Everyone makes a mistake, even your guru who has been teaching yoga for decades. And it's totally okay. Whether it’s mixing up your left and rights (ugh, I do this all the time), forgetting the sequence, or giving a confusing cue, it's part of the learning experience. I will also let you in a little secret...most of the time the students hardly notice! Just play it cool and fix it if you can.  If not, brush it off and move on! There have been classes where I walk out smiling and think "Wow, that class was amazing. I got this!" and there have been classes where I walk out and think "Damn, I completely bombed that class." But, I've learned from both the good experiences and the bad. 

2. Be authenticconfident, and compassionate.

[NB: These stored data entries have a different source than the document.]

(* Assume (B1)–(B4) and consider the NL-IAPIAL method described in the context. Let $\bar d:=\mathrm{dist}(\bar z,\partial\mathcal H)$ (where $\partial\mathcal H$ is the boundary of $\mathcal H$ and $\bar z,\tau$ are from (B4)) and $$\kappa_0:=2\big[K_h+B_f^{(1)}\big]D_h+\Big[\frac{\sigma^2}{2(1-\sigma)^2}+2\Big(\frac{1+\sigma}{1-\sigma}\Big)\Big]\frac{D_h^2}{\lambda}.$$ Then: (a) for every $k\ge1$ at which $p_k$ is computed, $$\min\{1,\bar d\}\tau\|p_k\|+\frac{\|p_k\|^2}{c_k}\le\kappa_0+\frac1{c_k}\langle p_k,p_{k-1}\rangle;$$ (b) for every $k\ge0$ at which $p_k$ is defined, $$\|p_k\|\le C_0:=\frac{\max\{\|p_0\|,\kappa_0\}}{\min\{1,\bar d\}\tau}.$$
   Context: $\mathcal K\subseteq\mathbb{R}^\ell$ is a nonempty closed convex cone, $\mathcal K^*=\{y:\langle y,x\rangle\ge0\ \forall x\in\mathcal K\}$ its dual cone, $u\preceq_{\mathcal K}v$ means $v-u\in\mathcal K$, $\Pi_S$ is the Euclidean projection onto a closed convex set $S$, $\mathrm{dist}(y,S)$ the Euclidean distance. $\partial_\varepsilon\varphi(z):=\{u:\varphi(z')\ge\varphi(z)+\langle u,z'-z\rangle-\varepsilon\ \forall z'\}$, $\partial=\partial_0$. For differentiable $g:\mathbb{R}^n\to\mathbb{R}^\ell$, $\nabla g(z)\in\mathbb{R}^{n\times\ell}$ is the transpose of the Jacobian. $g$ is $\mathcal K$-convex if $g(tz'+(1-t)z)-tg(z')-(1-t)g(z)\preceq_{\mathcal K}0$ for all $z,z'$, $t\in[0,1]$. (B1) $h:\mathbb{R}^n\to(-\infty,\infty]$ proper lsc convex, $K_h$-Lipschitz on its domain; $\mathcal H:=\mathrm{dom}\,h$ compact with diameter $D_h$. (B2) $f$ differentiable on an open set containing $\mathcal H$; $m_f,L_f>0$ with $f(z')-f(z)-\langle\nabla f(z),z'-z\rangle\ge-\frac{m_f}{2}\|z'-z\|^2$ and $\|\nabla f(z')-\nabla f(z)\|\le L_f\|z'-z\|$ on $\mathcal H$. (B3) $g$ is $\mathcal K$-convex, differentiable, $\nabla g$ is $L_g$-Lipschitz on $\mathbb{R}^n$. (B4) there exist $\bar z\in\mathrm{int}\,\mathcal H$, $\tau\in(0,1]$ with $g(\bar z)\preceq_{\mathcal K}0$ and $\max\{\|\nabla g(z)p\|,|\langle p,g(\bar z)\rangle|\}\ge\tau\|p\|$ for all $z\in\mathcal H$, $p\in\mathcal K^*$. Constants: $B_f^{(1)}:=\sup_{\mathcal H}\|\nabla f\|$, $B_g^{(0)}:=\sup_{\mathcal H}\|g\|$, $B_g^{(1)}:=\sup_{\mathcal H}\|\nabla g\|$. Functions: $\phi=f+h$; $\mathcal L_c(z;p):=f(z)+h(z)+\frac1{2c}[\mathrm{dist}^2(p+cg(z),-\mathcal K)-\|p\|^2]$; $\widetilde{\mathcal L}_c(z;p):=\mathcal L_c(z;p)-h(z)$, with $\nabla_z\widetilde{\mathcal L}_c(z;p)=\nabla f(z)+\nabla g(z)\Pi_{\mathcal K^*}(p+cg(z))$; $\Lambda(c,p):=L_f+L_g\|p\|+c(B_g^{(0)}L_g+[B_g^{(1)}]^2)$. NL-IAPIAL method. Inputs: $\lambda\in(0,1/(2m_f)]$, $\sigma\in(0,1/\sqrt2]$, $c_1>0$, $(z_0,p_0)\in\mathcal H\times\mathbb{R}^\ell$, $(\hat\rho,\hat\eta)\in\mathbb{R}^2_{++}$. Set $\hat k=0$, $k=1$. Iteration $k$: (1) set $L^\psi_{k-1}:=\lambda\Lambda(c_k,p_{k-1})+1$, $\sigma_{k-1}:=\sigma/\sqrt{L^\psi_{k-1}}$, and obtain (by any procedure) $(z_k,v_k,\varepsilon_k)\in\mathbb{R}^n\times\mathbb{R}^n\times\mathbb{R}_+$ with $v_k\in\partial_{\varepsilon_k}(\lambda\mathcal L_{c_k}(\cdot;p_{k-1})+\frac12\|\cdot-z_{k-1}\|^2)(z_k)$ and $\|v_k\|^2+2\varepsilon_k\le\sigma_{k-1}^2\|v_k+z_{k-1}-z_k\|^2$. (2) Set $r_k:=v_k+z_{k-1}-z_k$, $\delta_k:=\varepsilon_k/\lambda$, $\hat z_k:=\mathrm{argmin}_u\{\lambda[\langle\nabla_z\widetilde{\mathcal L}_{c_k}(z_k;p_{k-1}),u-z_k\rangle+h(u)]-\langle r_k,u-z_k\rangle+\frac{L^\psi_{k-1}}2\|u-z_k\|^2\}$, $w_k:=\frac1\lambda[r_k+L^\psi_{k-1}(z_k-\hat z_k)]$, $\hat p_k:=\Pi_{\mathcal K^*}(p_{k-1}+c_kg(\hat z_k))$, $\hat q_k:=(p_{k-1}-\hat p_k)/c_k$, $\hat w_k:=w_k+\nabla_z\widetilde{\mathcal L}_{c_k}(\hat z_k;p_{k-1})-\nabla_z\widetilde{\mathcal L}_{c_k}(z_k;p_{k-1})$; if $\|\hat w_k\|\le\hat\rho$ and $\|\hat q_k\|\le\hat\eta$, stop. (3) $p_k:=\Pi_{\mathcal K^*}(p_{k-1}+c_kg(z_k))$. (4) If $k>\hat k+1$ and $\Delta_k:=\frac{1}{k-\hat k-1}[\mathcal L_{c_k}(z_{\hat k+1};p_{\hat k+1})-\mathcal L_{c_k}(z_k;p_k)]\le\frac{\lambda(1-\sigma^2)\hat\rho^2}{4(1+2\sigma)^2}$, set $c_{k+1}=2c_k$ and $\hat k=k$; otherwise $c_{k+1}=c_k$. (5) $k\leftarrow k+1$. *)

theory Defs
  imports "HOL-Analysis.Analysis"
begin

definition dual_cone :: "'a::real_inner set \<Rightarrow> 'a set" where
  "dual_cone K = {y. \<forall>x\<in>K. 0 \<le> inner y x}"

definition K_convex :: "'b::real_vector set \<Rightarrow> ('a::real_vector \<Rightarrow> 'b) \<Rightarrow> bool" where
  "K_convex K g \<longleftrightarrow> (\<forall>z z' t. 0 \<le> t \<and> t \<le> 1 \<longrightarrow>
      t *\<^sub>R g z' + (1 - t) *\<^sub>R g z - g (t *\<^sub>R z' + (1 - t) *\<^sub>R z) \<in> K)"

definition aug_lag ::
  "('n::euclidean_space \<Rightarrow> real) \<Rightarrow> ('n \<Rightarrow> real) \<Rightarrow> ('n \<Rightarrow> 'l::euclidean_space) \<Rightarrow> 'l set
    \<Rightarrow> real \<Rightarrow> 'n \<Rightarrow> 'l \<Rightarrow> real" where
  "aug_lag f h g K c z p =
     f z + h z + ((infdist (p + c *\<^sub>R g z) (uminus ` K))\<^sup>2 - (norm p)\<^sup>2) / (2 * c)"

text \<open>Gradient of the smooth part: grad f z + grad g z * Proj_{K*}(p + c g z).
  Here Dg z :: real^'l^'n is the n x l matrix grad g(z) (transpose of the Jacobian).\<close>
definition grad_Ltilde ::
  "(real^'n \<Rightarrow> real^'n) \<Rightarrow> (real^'n \<Rightarrow> real^'l^'n) \<Rightarrow> (real^'n \<Rightarrow> real^'l) \<Rightarrow> (real^'l) set
    \<Rightarrow> real \<Rightarrow> real^'n \<Rightarrow> real^'l \<Rightarrow> real^'n" where
  "grad_Ltilde gf Dg g K c z p = gf z + Dg z *v closest_point (dual_cone K) (p + c *\<^sub>R g z)"

definition Lambda_const :: "real \<Rightarrow> real \<Rightarrow> real \<Rightarrow> real \<Rightarrow> real \<Rightarrow> 'l::real_normed_vector \<Rightarrow> real" where
  "Lambda_const Lf Lg Bg0 Bg1 c p = Lf + Lg * norm p + c * (Bg0 * Lg + Bg1\<^sup>2)"

end

theory Submission
  imports Defs
begin

(*
  At iteration k let q = \<nabla>g(z_k) p_k. The inexact proximal condition defining z_k, combined
  with a quadratic upper model of the augmented Lagrangian (whose curvature is the constant
  \<Lambda>(c_k, p_{k-1}) of the method), bounds <q, z_k - u> from above by \<kappa>_0 for every u in H.
  From below, test with u = zbar - d q/|q|, d = min{1, dbar}, which lies in H: K-convexity of g,
  feasibility of zbar, the Moreau decomposition of p_{k-1} + c_k g(z_k) along K* and -K, and the
  regularity condition (B4) give <q, z_k - u> \<ge> d \<tau> |p_k| + (|p_k|^2 - <p_k, p_{k-1}>)/c_k.
  Comparing both bounds is (a). By Cauchy-Schwarz, (a) says that |p_k| > |p_{k-1}| forces
  d \<tau> |p_k| < \<kappa>_0, so |p_k| \<le> max {|p_{k-1}|, \<kappa>_0/(d \<tau>)} and (b) follows by induction.
*)

section \<open>Matrix-vector products\<close>

lemma inner_matrix_vector_transpose:
  fixes A :: "real^'m^'n"
  shows "inner (A *v q) d = inner q (transpose A *v d)"
  by (metis dot_lmul_matrix inner_commute transpose_matrix_vector)

lemma onorm_transpose_le:
  fixes A :: "real^'m^'n"
  shows "onorm (\<lambda>d. transpose A *v d) \<le> onorm (\<lambda>q. A *v q)"
proof (rule onorm_le)
  fix x :: "real^'n"
  let ?y = "transpose A *v x"
  have "(norm ?y)\<^sup>2 = inner (A *v ?y) x"
    by (metis inner_matrix_vector_transpose inner_commute power2_norm_eq_inner)
  also have "\<dots> \<le> onorm (\<lambda>q. A *v q) * norm ?y * norm x"
    using norm_cauchy_schwarz[of "A *v ?y" x] onorm[OF matrix_vector_mul_bounded_linear, of A ?y]
    by (meson mult_right_mono norm_ge_zero order_trans)
  finally show "norm ?y \<le> onorm (\<lambda>q. A *v q) * norm x"
    using onorm_pos_le[OF matrix_vector_mul_bounded_linear, of A]
    by (cases "norm ?y = 0") (auto simp: power2_eq_square mult.commute mult.left_commute)
qed

lemma transpose_diff: "transpose (A - B) = transpose A - (transpose B :: 'a::ring_1^'m^'n)"
  by (simp add: transpose_def vec_eq_iff)

lemma onorm_matrix_diff_le:
  fixes A B :: "real^'m^'n"
  shows "onorm (\<lambda>q. A *v q) - onorm (\<lambda>q. B *v q) \<le> onorm (\<lambda>q. (A - B) *v q)"
proof -
  have "onorm (\<lambda>q. A *v q) = onorm (\<lambda>q. B *v q + (A - B) *v q)"
    by (simp add: matrix_vector_mult_diff_rdistrib)
  also have "\<dots> \<le> onorm (\<lambda>q. B *v q) + onorm (\<lambda>q. (A - B) *v q)"
    by (rule onorm_triangle) simp_all
  finally show ?thesis by simp
qed

section \<open>Dual cones and the Moreau decomposition\<close>

lemma power2_norm_add: "(norm (a + b))\<^sup>2 = (norm a)\<^sup>2 + 2 * inner a b + (norm b)\<^sup>2"
  for a b :: "'a::real_inner"
  by (simp add: power2_norm_eq_inner inner_add_left inner_add_right inner_commute)

lemma closed_dual_cone: "closed (dual_cone K)"
  and convex_dual_cone: "convex (dual_cone K)"
proof -
  have "dual_cone K = (\<Inter>x\<in>K. {y. inner x y \<ge> 0})"
    by (auto simp: dual_cone_def inner_commute)
  then show "closed (dual_cone K)" "convex (dual_cone K)"
    by (auto intro!: closed_INT convex_INT closed_halfspace_ge convex_halfspace_ge)
qed

lemma zero_in_dual_cone: "0 \<in> dual_cone K"
  by (simp add: dual_cone_def)

lemma dual_cone_add: "y \<in> dual_cone K \<Longrightarrow> y' \<in> dual_cone K \<Longrightarrow> y + y' \<in> dual_cone K"
  by (simp add: dual_cone_def inner_add_left)

lemma closest_point_dual_cone_in: "closest_point (dual_cone K) s \<in> dual_cone K"
  using closed_dual_cone zero_in_dual_cone by (blast intro: closest_point_in_set)

lemma closest_point_dual_cone_dot:
  assumes "y \<in> dual_cone K"
  shows "inner (s - closest_point (dual_cone K) s) y \<le> 0"
proof -
  let ?P = "closest_point (dual_cone K) s"
  have "inner (s - ?P) ((y + ?P) - ?P) \<le> 0"
    by (rule closest_point_dot[OF convex_dual_cone closed_dual_cone
          dual_cone_add[OF assms closest_point_dual_cone_in]])
  then show ?thesis by simp
qed

lemma closest_point_dual_cone_orthogonal:
  "inner (closest_point (dual_cone K) s) (s - closest_point (dual_cone K) s) = 0"
proof -
  let ?P = "closest_point (dual_cone K) s"
  have "inner (s - ?P) ?P \<le> 0"
    by (rule closest_point_dual_cone_dot[OF closest_point_dual_cone_in])
  moreover have "inner (s - ?P) (0 - ?P) \<le> 0"
    by (rule closest_point_dot[OF convex_dual_cone closed_dual_cone zero_in_dual_cone])
  ultimately show ?thesis by (simp add: inner_commute)
qed

text \<open>The bipolar property of closed convex cones: by separation, a point outside \<open>K\<close>
  is cut off by an element of the dual cone.\<close>
lemma closest_point_dual_cone_minus_in:
  fixes K :: "'a::euclidean_space set"
  assumes K: "convex_cone K" "closed K"
  shows "closest_point (dual_cone K) s - s \<in> K"
proof (rule ccontr)
  let ?w = "closest_point (dual_cone K) s - s"
  assume "?w \<notin> K"
  then obtain a b where ab: "inner a ?w < b" "\<forall>x\<in>K. b < inner a x"
    using separating_hyperplane_closed_point[OF _ K(2)] K(1)
    by (metis convex_cone_def)
  have b: "b < 0" using ab(2) K(1) by (auto simp: convex_cone_iff)
  have "a \<in> dual_cone K"
    unfolding dual_cone_def
  proof (intro CollectI ballI)
    fix x assume x: "x \<in> K"
    show "0 \<le> inner a x"
    proof (rule ccontr)
      assume neg: "\<not> 0 \<le> inner a x"
      have "(b / inner a x) *\<^sub>R x \<in> K"
        using K(1) x b neg by (simp add: convex_cone_iff divide_nonpos_neg)
      then show False using ab(2) neg by fastforce
    qed
  qed
  then have "0 \<le> inner a ?w"
    using closest_point_dual_cone_dot[of a K s] by (simp add: inner_commute inner_diff_right)
  then show False using ab(1) b by simp
qed

lemma infdist_neg_cone_le:
  fixes K :: "'a::euclidean_space set"
  assumes "convex_cone K" "closed K"
  shows "infdist (s + w) (uminus ` K) \<le> norm (closest_point (dual_cone K) s + w)"
proof -
  let ?P = "closest_point (dual_cone K) s"
  have "s - ?P \<in> uminus ` K"
    using closest_point_dual_cone_minus_in[OF assms] by (metis image_eqI minus_diff_eq)
  from infdist_le[OF this, of "s + w"] show ?thesis
    by (simp add: dist_norm algebra_simps)
qed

It's important to be authentic and stay true to yourself. Don't try to mimic your favorite teacher. If you're too busy pretending to be something you're not, you will lose confidence. Without confidence, you will not be able to hold the room. Trust me.

It is also important to be compassionate as a yoga teacher and to understand that it's not about you, it's about the student. It is likely you won’t always know the levels of the students, their backgrounds in yoga, or their physical abilities. You also don't know their emotional state or what brought them to their mat. But, what you do know is yoga. You know how to do it, and more importantly, you know why you do it.

It’s important to exude authenticity, confidence, and compassion so that your students trust that this is exactly where they should be.

3. Once a teacher, always a student.

The best way to keep learning is to keep practicing! You fell in love with the practice of yoga and that's why you became a teacher, so don't stop being a student. Whether you have to get up at the crack of dawn to catch a class, practice with a You-Tube video, or flow to your own sequence, keeping up with your practice is crucial. 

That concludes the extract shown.